## INSTRUCTIONS FOR THE TASK
Lines with the string "subseteq" are to be identified in the listing and copied.

## ENTRIES PROVIDED
lemma homeomorphism_clifford_point:
  assumes "0 < t" "t < 1"
  shows "homeomorphism (sphere 0 1 \<times> sphere 0 1) (clifford_torus t)
           (clifford_point t) (clifford_coords t)"
proof
  have "t^2 < 1" using assms by (simp add: power_less_one_iff abs_less_iff)
  then have s: "sqrt (1 - t^2) > 0" "(sqrt (1 - t^2))^2 = 1 - t^2" by simp_all
  show "continuous_on (sphere 0 1 \<times> sphere 0 1) (clifford_point t)"
    unfolding clifford_point_def split_def by (intro continuous_on_vector_4 continuous_intros)
  show "continuous_on (clifford_torus t) (clifford_coords t)"
    unfolding clifford_coords_def using s assms by (intro continuous_intros) auto
  show "clifford_point t ` (sphere 0 1 \<times> sphere 0 1) \<subseteq> clifford_torus t"
    using s by (auto simp: clifford_point_def clifford_torus_def power_mult_distrib
        simp flip: distrib_left cmod_power2)
  have "clifford_coords t y \<in> sphere 0 1 \<times> sphere 0 1" if "y \<in> clifford_torus t" for y
    using that s assms
    by (auto simp: clifford_coords_def clifford_torus_def norm_complex_def power_divide
        simp flip: add_divide_distrib)
  then show "clifford_coords t ` clifford_torus t \<subseteq> sphere 0 1 \<times> sphere 0 1" by blast
  show "clifford_coords t (clifford_point t p) = p" for p
    using s assms by (auto simp: clifford_coords_def clifford_point_def split_def complex_eq_iff)
  show "clifford_point t (clifford_coords t y) = y" for y
    using s assms by (simp add: clifford_coords_def clifford_point_def vec_eq_iff forall_4)
qed

section \<open>A Moebius transformation of the unit circle\<close>

lemma pos_add_mult_Re:
  assumes "\<bar>r\<bar> < R" "cmod z \<le> 1"
  shows "0 < R + r * Re z"
proof -
  have "\<bar>r * Re z\<bar> \<le> \<bar>r\<bar>"
    using abs_Re_le_cmod[of z] assms(2) by (simp add: abs_mult mult_left_le)
  then show ?thesis using assms(1) by linarith
qed

(* The angle substitution \<phi> \<mapsto> \<psi> flattening the torus metric, acting on the unit circle. *)
definition circle_mobius :: "real \<Rightarrow> real \<Rightarrow> complex \<Rightarrow> complex" where
  "circle_mobius R r z =
     Complex ((R * Re z + r) / (R + r * Re z)) (sqrt (R^2 - r^2) * Im z / (R + r * Re z))"

lemma norm_circle_mobius:
  assumes "\<bar>r\<bar> < R" "cmod z = 1"
  shows "cmod (circle_mobius R r z) = 1"
proof -
  have unit: "(Re z)^2 + (Im z)^2 = 1" using assms(2) by (simp add: cmod_power2 [symmetric])
  have "r^2 < R^2" using power_strict_mono[of "\<bar>r\<bar>" R 2] assms(1) by simp
  have "(sqrt (R^2 - r^2) * Im z)^2 = (R^2 - r^2) * (1 - (Re z)^2)"
    using \<open>r^2 < R^2\<close> unit by (simp add: power_mult_distrib)
  then have "(R * Re z + r)^2 + (sqrt (R^2 - r^2) * Im z)^2 = (R + r * Re z)^2"
    by (simp add: algebra_simps power2_eq_square)
  moreover have "0 < R + r * Re z"
    using pos_add_mult_Re[OF assms(1)] assms(2) by simp
  ultimately show ?thesis
    by (simp add: circle_mobius_def norm_complex_def power_divide add_divide_distrib [symmetric])
qed

lemma circle_mobius_inverse:
  assumes "\<bar>r\<bar> < R" "cmod z = 1"
  shows "circle_mobius R (- r) (circle_mobius R r z) = z"
proof -
  define k where "k = sqrt (R^2 - r^2)"
  define d where "d = R + r * Re z"
  define w where "w = circle_mobius R r z"
  have "r^2 < R^2" using power_strict_mono[of "\<bar>r\<bar>" R 2] assms(1) by simp
  then have k: "k > 0" "k^2 = R^2 - r^2" by (simp_all add: k_def)
  have d: "d > 0" using pos_add_mult_Re[OF assms(1)] assms(2) by (simp add: d_def)
  have w: "Re w = (R * Re z + r) / d" "Im w = k * Im z / d"
    by (simp_all add: w_def circle_mobius_def k_def d_def)
  have den: "R - r * Re w = k^2 / d"
    using d unfolding w k(2) by (simp add: d_def field_simps power2_eq_square)
  have num: "R * Re w - r = k^2 * Re z / d"
    using d unfolding w k(2) by (simp add: d_def field_simps power2_eq_square)
  have "circle_mobius R (- r) w =
      Complex ((R * Re w - r) / (R - r * Re w)) (k * Im w / (R - r * Re w))"
    by (simp add: circle_mobius_def k_def)
  also have "\<dots> = z"
    unfolding den num using d k(1) by (simp add: w complex_eq_iff power2_eq_square)
  finally show ?thesis by (simp add: w_def)
qed

lemma homeomorphism_circle_mobius:
  assumes "\<bar>r\<bar> < R"
  shows "homeomorphism (sphere 0 1) (sphere 0 1) (circle_mobius R r) (circle_mobius R (- r))"
proof -
  have "continuous_on (sphere 0 1) (circle_mobius R r)" if "\<bar>r\<bar> < R" for r
  proof -
    have "\<forall>z \<in> sphere 0 1. R + r * Re z \<noteq> 0"
      using pos_add_mult_Re[OF that] by (simp add: less_imp_neq [symmetric])
    then show ?thesis unfolding circle_mobius_def by (intro continuous_intros) auto
  qed
  then show ?thesis
    using assms norm_circle_mobius circle_mobius_inverse[of r R] circle_mobius_inverse[of "- r" R]
    by (intro homeomorphismI) auto
qed

lemma has_real_derivative_circle_mobius_cis:
  fixes R r \<phi> :: real
  assumes "\<bar>r\<bar> < R"
  defines "\<omega> \<equiv> sqrt (R^2 - r^2) / (R + r * cos \<phi>)"
  shows "((\<lambda>x. Re (circle_mobius R r (cis x))) has_real_derivative
           - Im (circle_mobius R r (cis \<phi>)) * \<omega>) (at \<phi>)"
    and "((\<lambda>x. Im (circle_mobius R r (cis x))) has_real_derivative
           Re (circle_mobius R r (cis \<phi>)) * \<omega>) (at \<phi>)"
proof -
  define k where "k = sqrt (R^2 - r^2)"
  define d where "d = R + r * cos \<phi>"
  have "r^2 < R^2" using power_strict_mono[of "\<bar>r\<bar>" R 2] assms(1) by simp
  then have k: "k * k = R^2 - r^2" by (simp add: k_def flip: power2_eq_square)
  have d: "d > 0"
    using pos_add_mult_Re[OF assms(1), of "cis \<phi>"] by (simp add: d_def)
  have M: "circle_mobius R r (cis x) = Complex ((R * cos x + r) / (R + r * cos x))
             (k * sin x / (R + r * cos x))" for x
    by (simp add: circle_mobius_def k_def)
  have "((\<lambda>x. (R * cos x + r) / (R + r * cos x)) has_real_derivative
          - (R^2 - r^2) * sin \<phi> / d^2) (at \<phi>)"
    using d by (auto intro!: derivative_eq_intros simp: d_def power2_eq_square field_simps)
  moreover have "- (R^2 - r^2) * sin \<phi> / d^2 = - (k * sin \<phi> / d) * (k / d)"
    unfolding k [symmetric] by (simp add: power2_eq_square)
  ultimately show "((\<lambda>x. Re (circle_mobius R r (cis x))) has_real_derivative
           - Im (circle_mobius R r (cis \<phi>)) * \<omega>) (at \<phi>)"
    by (simp add: M \<omega>_def k_def d_def)
  have "((\<lambda>x. k * sin x / (R + r * cos x)) has_real_derivative
          (k * cos \<phi> * d - k * sin \<phi> * - (r * sin \<phi>)) / (d * d)) (at \<phi>)"
    using d unfolding d_def by (intro DERIV_divide derivative_eq_intros) auto
  moreover have "k * cos \<phi> * d - k * sin \<phi> * - (r * sin \<phi>)
      = (R * cos \<phi> + r) * k"
    using sin_cos_squared_add3[of \<phi>] unfolding d_def by algebra
  ultimately have "((\<lambda>x. k * sin x / (R + r * cos x)) has_real_derivative
          (R * cos \<phi> + r) * k / (d * d)) (at \<phi>)"
    by simp
  then show "((\<lambda>x. Im (circle_mobius R r (cis x))) has_real_derivative
           Re (circle_mobius R r (cis \<phi>)) * \<omega>) (at \<phi>)"
    by (simp add: M \<omega>_def k_def d_def power2_eq_square)
qed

## RESULT OF THIS EXERCISE
  show "clifford_point t ` (sphere 0 1 \<times> sphere 0 1) \<subseteq> clifford_torus t"
  then show "clifford_coords t ` clifford_torus t \<subseteq> sphere 0 1 \<times> sphere 0 1" by blast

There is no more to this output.